FIG. 19 illustrates a block diagram of an exemplary spectral well processor 160, which includes an amplitude and S/N controller 162 that receives the audio signal 5. Prior to the spectral well processor 160 creating the spectral well on the audio signal 5, if necessary, the amplitude and S/N controller 162 may determine the amplitude of the audio signal 5 or the S/N of the watermark signal 11' to the audio signal 5 in a frequency range at the time the watermark symbol is to be inserted.

In one embodiment, the amplitude and S/N controller 162 resides within the spectral well processor 160 as shown in FIG. 19. In another embodiment, the spectral well processor 160 and the amplitude and S/N controller 162 may receive information from the symbol time/amp controller 126 indicative of the amplitude of the portion of the audio signal 5 corresponding to the time and/or frequency range where the watermark is to be inserted. The amplitude and S/N controller 162 may include a volt meter, group of voltmeters or similar structure that may determine (e.g., measure) the amplitude of the watermark signal 11' and the audio signal 5 and compares them.

From the amplitude or S/N information, the amplitude and S/N controller 162 may determine whether a natural spectral well exists or whether a spectral well must be created as described above.
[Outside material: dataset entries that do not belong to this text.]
lemma shift_minus_lap_bound:
  assumes wg: "weighted_graph w"
  shows "\<bar>shift_minus_lap w r v i\<bar> \<le> 2 * lap_shift w r * l1_norm v"
proof -
  let ?c = "lap_shift w r" and ?e = "deg w i powr (- r)"
  have diag: "\<bar>(?c - ?e * deg w i) * v i\<bar> \<le> ?c * l1_norm v"
    using lap_diag_bounds[OF wg, of i r] abs_le_l1_norm[of v i] l1_norm_nonneg[of v]
    by (auto simp: abs_mult intro!: mult_mono)
  have "\<bar>\<Sum>j\<in>UNIV. w i j * v j\<bar> \<le> (\<Sum>j\<in>UNIV. w i j * l1_norm v)"
    by (rule order_trans[OF sum_abs])
      (auto simp: abs_mult weighted_graph_nonneg[OF wg] intro!: sum_mono mult_left_mono abs_le_l1_norm)
  also have "\<dots> = deg w i * l1_norm v"
    unfolding deg_def by (simp add: sum_distrib_right)
  finally have "\<bar>?e * (\<Sum>j\<in>UNIV. w i j * v j)\<bar> \<le> ?e * deg w i * l1_norm v"
    by (simp add: abs_mult mult_left_mono mult.assoc)
  also have "\<dots> \<le> ?c * l1_norm v"
    using lap_diag_bounds[OF wg, of i r] l1_norm_nonneg[of v] by (simp add: mult_right_mono)
  finally show ?thesis
    using diag abs_triangle_ineq[of "(?c - ?e * deg w i) * v i" "?e * (\<Sum>j\<in>UNIV. w i j * v j)"]
    unfolding shift_minus_lap_def by linarith
qed

lemma graph_laplacian_bound:
  assumes wg: "weighted_graph w"
  shows "\<bar>graph_laplacian w r v i\<bar> \<le> 3 * lap_shift w r * l1_norm v"
proof -
  have "\<bar>lap_shift w r * v i\<bar> \<le> lap_shift w r * l1_norm v"
    using lap_shift_nonneg[OF wg] abs_le_l1_norm[of v i] by (simp add: abs_mult mult_left_mono)
  then show ?thesis
    unfolding graph_laplacian_eq_shift using shift_minus_lap_bound[OF wg, of r v i] by linarith
qed

lemma graph_laplacian_funpow:
  "(graph_laplacian w r ^^ k) u =
    (\<lambda>i. (- 1) ^ k * ((\<lambda>v i. shift_minus_lap w r v i + (- lap_shift w r) * v i) ^^ k) u i)"
proof (induction k)
  case 0
  then show ?case by simp
next
  case (Suc k)
  then show ?case
    by (simp add: graph_laplacian_eq_shift shift_minus_lap_scale algebra_simps)
qed

lemma heat_eq_exp_series:
  assumes wg: "weighted_graph w"
  shows "heat w r \<tau> u i = exp (- lap_shift w r * \<tau>) * (\<Sum>k. \<tau> ^ k / fact k * (shift_minus_lap w r ^^ k) u i)"
proof -
  have "(- \<tau>) ^ k * (- 1) ^ k = \<tau> ^ k" for k
    by (simp flip: power_mult_distrib)
  then have "heat w r \<tau> u i =
      (\<Sum>k. \<tau> ^ k / fact k * ((\<lambda>v i. shift_minus_lap w r v i + (- lap_shift w r) * v i) ^^ k) u i)"
    unfolding heat_def graph_laplacian_funpow by (simp add: mult.assoc[symmetric])
  also have "\<dots> = exp (- lap_shift w r * \<tau>) * (\<Sum>k. \<tau> ^ k / fact k * (shift_minus_lap w r ^^ k) u i)"
    using lap_shift_nonneg[OF wg, of r]
    by (intro exp_series_add_scaled_id[where P = "shift_minus_lap w r" and K = "2 * lap_shift w r"])
      (simp_all add: shift_minus_lap_sum shift_minus_lap_scale shift_minus_lap_bound[OF wg])
  finally show ?thesis .
qed

lemma shift_minus_lap_funpow_bounds:
  assumes wg: "weighted_graph w" and u: "u \<in> V01"
  shows "0 \<le> (shift_minus_lap w r ^^ j) u i \<and> (shift_minus_lap w r ^^ j) u i \<le> lap_shift w r ^ j"
proof (induction j arbitrary: i)
  case 0
  then show ?case using u by (simp add: V01_def)
next
  case (Suc j)
  show ?case
    using shift_minus_lap_mono[OF wg, of "\<lambda>_. 0" "(shift_minus_lap w r ^^ j) u" r i]
      shift_minus_lap_mono[OF wg, of "(shift_minus_lap w r ^^ j) u" "\<lambda>_. lap_shift w r ^ j" r i]
      Suc by (simp add: shift_minus_lap_const)
qed

lemma heat_in_V01:
  assumes wg: "weighted_graph w" and u: "u \<in> V01" and "0 \<le> \<tau>"
  shows "heat w r \<tau> u \<in> V01"
proof -
  let ?c = "lap_shift w r"
  have "0 \<le> heat w r \<tau> u i \<and> heat w r \<tau> u i \<le> 1" for i
  proof -
    define p where "p = (\<lambda>j. \<tau> ^ j / fact j * (shift_minus_lap w r ^^ j) u i)"
    have "summable (\<lambda>j. \<bar>p j\<bar>)"
      unfolding p_def using lap_shift_nonneg[OF wg, of r]
      by (intro summable_exp_series_funpow[where K = "2 * ?c"]) (simp_all add: shift_minus_lap_bound[OF wg])
    then have p_sums: "p sums suminf p"
      using summable_rabs_cancel summable_sums by blast
    have exp_sums: "(\<lambda>j. \<tau> ^ j / fact j * ?c ^ j) sums exp (?c * \<tau>)"
      using exp_converges[of "?c * \<tau>"] by (simp add: power_mult_distrib divide_inverse mult_ac)
    have p_nonneg: "0 \<le> p j" and p_le: "p j \<le> \<tau> ^ j / fact j * ?c ^ j" for j
      unfolding p_def using shift_minus_lap_funpow_bounds[OF wg u, where r = r and j = j and i = i] \<open>0 \<le> \<tau>\<close>
      by (auto intro!: mult_left_mono divide_right_mono)
    have "0 \<le> suminf p"
      using p_nonneg p_sums by (meson sums_summable suminf_nonneg)
    moreover have "suminf p \<le> exp (?c * \<tau>)"
      using p_le by (intro sums_le[OF _ p_sums exp_sums]) auto
    moreover have "heat w r \<tau> u i = suminf p * exp (- ?c * \<tau>)"
      unfolding p_def heat_eq_exp_series[OF wg] by simp
    moreover have "exp (?c * \<tau>) * exp (- ?c * \<tau>) = 1"
      by (simp flip: exp_add)
    ultimately show ?thesis
      by (metis mult_nonneg_nonneg mult_right_mono exp_ge_zero)
  qed
  then show ?thesis
    unfolding V01_def by blast
qed

lemma mass_graph_laplacian:
  fixes w :: "'v::finite \<Rightarrow> 'v \<Rightarrow> real"
  assumes wg: "weighted_graph w" and card: "CARD('v) \<ge> 2"
  shows "mass w r (graph_laplacian w r v) = 0"
proof -
  have "graph_laplacian w r v i * deg w i powr r = (\<Sum>j\<in>UNIV. w i j * (v i - v j))" for i
  proof -
    have "graph_laplacian w r v i * deg w i powr r =
        (deg w i powr (- r) * deg w i powr r) * (\<Sum>j\<in>UNIV. w i j * (v i - v j))"
      unfolding graph_laplacian_def by (simp only: ac_simps)
    also have "deg w i powr (- r) * deg w i powr r = 1"
      using deg_pos[OF wg card, of i] by (simp flip: powr_add)
    finally show ?thesis by simp
  qed
  then have "mass w r (graph_laplacian w r v) = (\<Sum>i\<in>UNIV. \<Sum>j\<in>UNIV. w i j * (v i - v j))"
    unfolding mass_def ipV_def by simp
  also have "\<dots> = (\<Sum>i\<in>UNIV. \<Sum>j\<in>UNIV. w i j * v i) - (\<Sum>i\<in>UNIV. \<Sum>j\<in>UNIV. w i j * v j)"
    by (simp add: right_diff_distrib sum_subtractf)
  also have "(\<Sum>i\<in>UNIV. \<Sum>j\<in>UNIV. w i j * v j) = (\<Sum>j\<in>UNIV. \<Sum>i\<in>UNIV. w j i * v j)"
    by (subst sum.swap) (simp only: weighted_graph_sym[OF wg])
  finally show ?thesis by simp
qed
In the illustrated embodiment of FIG. 19, the spectral well processor 160 includes a spectral well filter/amp 164 with start and ending frequencies (for example, f1 and f2 of FIG. 5 and/or f0, f1, f2, and f3 of FIG. 7), which may be fixed or dynamically selected. The lower and upper frequencies, f1 and f2 respectively, may correspond to frequencies that define the frequency band P2 in which the watermark is to be inserted. The audio signal 5 may be passed through the filter/amp 164 beginning at the time t1 of the audio signal 5 that the watermark is to be inserted. This creates the spectral well on the audio signal 5' by attenuating (e.g., filtering) the portion P2 of the audio signal 5 as shown in FIG. 5 or by enhancing (i.e., amplifying) the neighboring portions (P1 between f0 and f1) and (P3 between f2 and f3) as described above in reference to FIG. 5.

FIG. 20 illustrates a block diagram of an exemplary implementation of the spectral well filter/amp 164, which includes a band-stop or band-reject filter 165 and a band amplifier 169. Assuming that the filter 165 and/or the amp 169 were implemented with an FIR architecture having fixed delay at all frequencies, the depth of the spectral well is determined by constant g, which is a cross fading between g=0 (no well) and g=1 (maximum well depth). The filter/amp 164 may include an extra delay 166 that introduces a delay equal (or roughly equal) to the known, fixed delay of the filter 165 and/or the amp 169. Since the delays in the filter 165 and/or the amp 169 and the extra delay 166 are the same (or approximately the same), cross fading has no phase issues. In another embodiment, a single filter can be used with dynamic control of depth or a single amp can be used with dynamic control of height of neighboring spectral portions.

Returning to FIG. 19, in the illustrated embodiment, the spectral well processor 160 includes a look ahead delay 168 that is used so that the spectral well processor 160 may operate as a predictor. That is, the amplitude and S/N controller 162 may make decisions as to whether to create the spectral well or as to the depth of the spectral well or height of neighboring spectral portions on the basis of audio yet to arrive to the filter/amp 164. The S/N controller 162 may survey the time-frequency landscape (such as that of FIG. 16) and make decisions as to the temporal and/or spectral location and width of the spectral well.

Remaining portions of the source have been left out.